Try it
Beginning at the top of the material, repeat each line exactly, and stop once the line with "w \<longleftrightarrow> (\<exists>m::nat." has been written.

Materials provided
═══
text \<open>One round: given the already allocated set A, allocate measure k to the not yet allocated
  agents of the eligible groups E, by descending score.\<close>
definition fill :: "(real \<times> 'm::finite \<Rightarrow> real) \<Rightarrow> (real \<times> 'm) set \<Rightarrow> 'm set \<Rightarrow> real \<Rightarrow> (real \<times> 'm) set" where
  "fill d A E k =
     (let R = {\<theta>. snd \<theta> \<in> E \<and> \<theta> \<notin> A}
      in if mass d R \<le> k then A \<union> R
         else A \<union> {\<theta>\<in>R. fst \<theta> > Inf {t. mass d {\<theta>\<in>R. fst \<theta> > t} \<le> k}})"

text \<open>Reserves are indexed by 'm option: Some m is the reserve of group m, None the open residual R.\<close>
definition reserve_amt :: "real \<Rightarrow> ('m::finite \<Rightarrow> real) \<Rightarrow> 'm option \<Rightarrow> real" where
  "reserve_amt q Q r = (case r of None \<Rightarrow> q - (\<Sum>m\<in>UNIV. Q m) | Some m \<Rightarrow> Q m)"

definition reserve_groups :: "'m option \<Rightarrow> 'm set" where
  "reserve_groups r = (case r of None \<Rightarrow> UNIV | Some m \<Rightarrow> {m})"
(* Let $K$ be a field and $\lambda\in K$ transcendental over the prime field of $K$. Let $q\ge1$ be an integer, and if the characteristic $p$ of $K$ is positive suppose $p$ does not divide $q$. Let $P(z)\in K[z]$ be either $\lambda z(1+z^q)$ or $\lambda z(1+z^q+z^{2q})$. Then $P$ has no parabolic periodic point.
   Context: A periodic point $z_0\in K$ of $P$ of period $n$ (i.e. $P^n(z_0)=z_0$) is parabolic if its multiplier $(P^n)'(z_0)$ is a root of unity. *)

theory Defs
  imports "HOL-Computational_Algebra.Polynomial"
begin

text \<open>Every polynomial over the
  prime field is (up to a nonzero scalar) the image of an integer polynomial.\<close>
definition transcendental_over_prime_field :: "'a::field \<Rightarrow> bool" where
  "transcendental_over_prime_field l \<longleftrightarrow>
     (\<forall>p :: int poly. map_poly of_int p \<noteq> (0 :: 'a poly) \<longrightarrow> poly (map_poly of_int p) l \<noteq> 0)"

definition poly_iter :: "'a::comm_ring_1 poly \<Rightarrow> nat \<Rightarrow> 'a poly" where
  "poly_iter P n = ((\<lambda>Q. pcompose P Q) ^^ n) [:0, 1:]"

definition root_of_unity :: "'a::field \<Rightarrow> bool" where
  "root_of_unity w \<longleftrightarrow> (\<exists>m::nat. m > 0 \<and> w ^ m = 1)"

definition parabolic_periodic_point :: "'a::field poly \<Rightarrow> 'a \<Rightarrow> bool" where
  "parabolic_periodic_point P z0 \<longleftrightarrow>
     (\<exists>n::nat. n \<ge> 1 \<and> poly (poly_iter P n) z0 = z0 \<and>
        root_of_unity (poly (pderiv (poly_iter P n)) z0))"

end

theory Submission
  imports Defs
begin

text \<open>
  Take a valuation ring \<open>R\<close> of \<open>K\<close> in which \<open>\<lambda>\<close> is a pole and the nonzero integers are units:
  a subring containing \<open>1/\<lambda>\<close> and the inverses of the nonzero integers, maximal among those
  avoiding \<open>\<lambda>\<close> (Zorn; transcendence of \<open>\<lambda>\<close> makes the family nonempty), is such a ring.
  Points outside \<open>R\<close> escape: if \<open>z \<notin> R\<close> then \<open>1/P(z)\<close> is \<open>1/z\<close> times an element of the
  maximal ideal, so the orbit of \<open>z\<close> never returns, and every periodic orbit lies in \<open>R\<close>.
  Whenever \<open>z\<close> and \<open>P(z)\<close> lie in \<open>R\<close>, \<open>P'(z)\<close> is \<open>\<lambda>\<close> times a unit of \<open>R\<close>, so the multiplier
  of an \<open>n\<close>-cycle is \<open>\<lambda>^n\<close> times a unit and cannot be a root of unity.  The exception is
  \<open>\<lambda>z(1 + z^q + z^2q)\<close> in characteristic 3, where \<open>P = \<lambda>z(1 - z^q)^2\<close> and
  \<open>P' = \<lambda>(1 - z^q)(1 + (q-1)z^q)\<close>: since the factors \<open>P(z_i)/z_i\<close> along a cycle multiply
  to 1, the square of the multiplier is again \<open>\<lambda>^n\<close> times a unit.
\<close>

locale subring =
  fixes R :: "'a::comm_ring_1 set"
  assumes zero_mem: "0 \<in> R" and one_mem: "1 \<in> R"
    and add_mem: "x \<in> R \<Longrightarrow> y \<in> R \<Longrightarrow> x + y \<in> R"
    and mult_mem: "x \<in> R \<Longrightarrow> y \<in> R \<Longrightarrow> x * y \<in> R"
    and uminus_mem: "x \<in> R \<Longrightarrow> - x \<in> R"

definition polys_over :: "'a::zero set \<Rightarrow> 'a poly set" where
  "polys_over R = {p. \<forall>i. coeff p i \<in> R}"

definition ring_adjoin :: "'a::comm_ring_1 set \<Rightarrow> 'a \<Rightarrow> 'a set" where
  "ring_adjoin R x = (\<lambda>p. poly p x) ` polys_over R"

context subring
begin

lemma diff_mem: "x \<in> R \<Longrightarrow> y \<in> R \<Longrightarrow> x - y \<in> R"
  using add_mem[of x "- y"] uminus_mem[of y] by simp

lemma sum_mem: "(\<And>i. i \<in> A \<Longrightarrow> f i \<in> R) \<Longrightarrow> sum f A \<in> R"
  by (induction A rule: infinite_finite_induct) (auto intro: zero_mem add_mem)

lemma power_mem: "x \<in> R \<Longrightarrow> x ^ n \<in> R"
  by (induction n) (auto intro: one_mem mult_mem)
═══
Task solution
text \<open>One round: given the already allocated set A, allocate measure k to the not yet allocated
  agents of the eligible groups E, by descending score.\<close>
definition fill :: "(real \<times> 'm::finite \<Rightarrow> real) \<Rightarrow> (real \<times> 'm) set \<Rightarrow> 'm set \<Rightarrow> real \<Rightarrow> (real \<times> 'm) set" where
  "fill d A E k =
     (let R = {\<theta>. snd \<theta> \<in> E \<and> \<theta> \<notin> A}
      in if mass d R \<le> k then A \<union> R
         else A \<union> {\<theta>\<in>R. fst \<theta> > Inf {t. mass d {\<theta>\<in>R. fst \<theta> > t} \<le> k}})"

text \<open>Reserves are indexed by 'm option: Some m is the reserve of group m, None the open residual R.\<close>
definition reserve_amt :: "real \<Rightarrow> ('m::finite \<Rightarrow> real) \<Rightarrow> 'm option \<Rightarrow> real" where
  "reserve_amt q Q r = (case r of None \<Rightarrow> q - (\<Sum>m\<in>UNIV. Q m) | Some m \<Rightarrow> Q m)"

definition reserve_groups :: "'m option \<Rightarrow> 'm set" where
  "reserve_groups r = (case r of None \<Rightarrow> UNIV | Some m \<Rightarrow> {m})"
(* Let $K$ be a field and $\lambda\in K$ transcendental over the prime field of $K$. Let $q\ge1$ be an integer, and if the characteristic $p$ of $K$ is positive suppose $p$ does not divide $q$. Let $P(z)\in K[z]$ be either $\lambda z(1+z^q)$ or $\lambda z(1+z^q+z^{2q})$. Then $P$ has no parabolic periodic point.
   Context: A periodic point $z_0\in K$ of $P$ of period $n$ (i.e. $P^n(z_0)=z_0$) is parabolic if its multiplier $(P^n)'(z_0)$ is a root of unity. *)

theory Defs
  imports "HOL-Computational_Algebra.Polynomial"
begin

text \<open>Every polynomial over the
  prime field is (up to a nonzero scalar) the image of an integer polynomial.\<close>
definition transcendental_over_prime_field :: "'a::field \<Rightarrow> bool" where
  "transcendental_over_prime_field l \<longleftrightarrow>
     (\<forall>p :: int poly. map_poly of_int p \<noteq> (0 :: 'a poly) \<longrightarrow> poly (map_poly of_int p) l \<noteq> 0)"

definition poly_iter :: "'a::comm_ring_1 poly \<Rightarrow> nat \<Rightarrow> 'a poly" where
  "poly_iter P n = ((\<lambda>Q. pcompose P Q) ^^ n) [:0, 1:]"

definition root_of_unity :: "'a::field \<Rightarrow> bool" where
  "root_of_unity w \<longleftrightarrow> (\<exists>m::nat. m > 0 \<and> w ^ m = 1)"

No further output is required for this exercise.